lemma chaos_coeff_stoch_exp:
  assumes fin: "finite I" and I: "\<forall>p\<in>I. 1 \<le> fst p \<and> 1 \<le> snd p" and \<alpha>: "\<alpha> \<in> multi_indices"
  shows "chaos_coeff M \<zeta> (stoch_exp \<zeta> I hc) \<alpha>
       = (\<Prod>p\<in>supp_mi \<alpha>. (if p \<in> I then hc p else 0) ^ \<alpha> p) / sqrt (mi_fact \<alpha>)"
proof -
  define h where "h p = (if p \<in> I then hc p else 0)" for p
  define J where "J = I \<union> supp_mi \<alpha>"
  define f where "f p \<omega> = exp (h p * \<zeta> p \<omega> - (h p)\<^sup>2 / 2) * hermite (\<alpha> p) (\<zeta> p \<omega>)" for p \<omega>
  have finJ: "finite J" and J: "J \<subseteq> {p. 1 \<le> fst p \<and> 1 \<le> snd p}"
    using fin I \<alpha> by (auto simp: J_def multi_indices_def)
  have product: "stoch_exp \<zeta> I hc \<omega> * wick_xi \<zeta> \<alpha> \<omega> = (\<Prod>p\<in>J. f p \<omega>) / sqrt (mi_fact \<alpha>)"
    for \<omega>
  proof -
    have "stoch_exp \<zeta> I hc \<omega> = exp (\<Sum>p\<in>I. hc p * \<zeta> p \<omega> - (hc p)\<^sup>2 / 2)"
      by (simp add: stoch_exp_def sum_subtractf sum_divide_distrib)
    also have "\<dots> = (\<Prod>p\<in>I. exp (h p * \<zeta> p \<omega> - (h p)\<^sup>2 / 2))"
      using fin by (simp add: exp_sum h_def)
    also have "\<dots> = (\<Prod>p\<in>J. exp (h p * \<zeta> p \<omega> - (h p)\<^sup>2 / 2))"
      using finJ by (intro prod.mono_neutral_left) (auto simp: J_def h_def)
    moreover have "(\<Prod>p\<in>supp_mi \<alpha>. hermite (\<alpha> p) (\<zeta> p \<omega>)) = (\<Prod>p\<in>J. hermite (\<alpha> p) (\<zeta> p \<omega>))"
      using finJ by (intro prod.mono_neutral_left) (auto simp: J_def supp_mi_def)
    ultimately show ?thesis
      by (simp add: wick_xi_def f_def prod.distrib)
  qed
  have indep: "indep_vars (\<lambda>_. borel) f J"
    unfolding f_def
    by (rule indep_vars_compose2[where X = \<zeta> and M' = "\<lambda>_. borel"])
       (use indep_vars_subset[OF indep_vars_\<zeta> J] in auto)
  have integral: "has_bochner_integral M (f p) (h p ^ \<alpha> p)" if "p \<in> J" for p
    unfolding f_def using J that
    by (intro has_bochner_integral_tilted_hermite std_normal_\<zeta>) auto
  have "(\<integral>\<omega>. (\<Prod>p\<in>J. f p \<omega>) \<partial>M) = (\<Prod>p\<in>J. h p ^ \<alpha> p)"
    using indep_vars_lebesgue_integral[OF finJ indep] integral
    by (simp add: has_bochner_integral_iff)
  also have "\<dots> = (\<Prod>p\<in>supp_mi \<alpha>. h p ^ \<alpha> p)"
    using finJ by (intro prod.mono_neutral_right) (auto simp: J_def supp_mi_def)
  finally show ?thesis
    by (simp add: chaos_coeff_def product h_def)
qed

PROBLEM DESCRIPTION:
From the line holding "(\<Prod>p\<in>J. exp (h" to the last line of the data above, copy every line exactly and include nothing more.

EXERCISE SOLUTION:
    also have "\<dots> = (\<Prod>p\<in>J. exp (h p * \<zeta> p \<omega> - (h p)\<^sup>2 / 2))"
      using finJ by (intro prod.mono_neutral_left) (auto simp: J_def h_def)
    moreover have "(\<Prod>p\<in>supp_mi \<alpha>. hermite (\<alpha> p) (\<zeta> p \<omega>)) = (\<Prod>p\<in>J. hermite (\<alpha> p) (\<zeta> p \<omega>))"
      using finJ by (intro prod.mono_neutral_left) (auto simp: J_def supp_mi_def)
    ultimately show ?thesis
      by (simp add: wick_xi_def f_def prod.distrib)
  qed
  have indep: "indep_vars (\<lambda>_. borel) f J"
    unfolding f_def
    by (rule indep_vars_compose2[where X = \<zeta> and M' = "\<lambda>_. borel"])
       (use indep_vars_subset[OF indep_vars_\<zeta> J] in auto)
  have integral: "has_bochner_integral M (f p) (h p ^ \<alpha> p)" if "p \<in> J" for p
    unfolding f_def using J that
    by (intro has_bochner_integral_tilted_hermite std_normal_\<zeta>) auto
  have "(\<integral>\<omega>. (\<Prod>p\<in>J. f p \<omega>) \<partial>M) = (\<Prod>p\<in>J. h p ^ \<alpha> p)"
    using indep_vars_lebesgue_integral[OF finJ indep] integral
    by (simp add: has_bochner_integral_iff)
  also have "\<dots> = (\<Prod>p\<in>supp_mi \<alpha>. h p ^ \<alpha> p)"
    using finJ by (intro prod.mono_neutral_right) (auto simp: J_def supp_mi_def)
  finally show ?thesis
    by (simp add: chaos_coeff_def product h_def)
qed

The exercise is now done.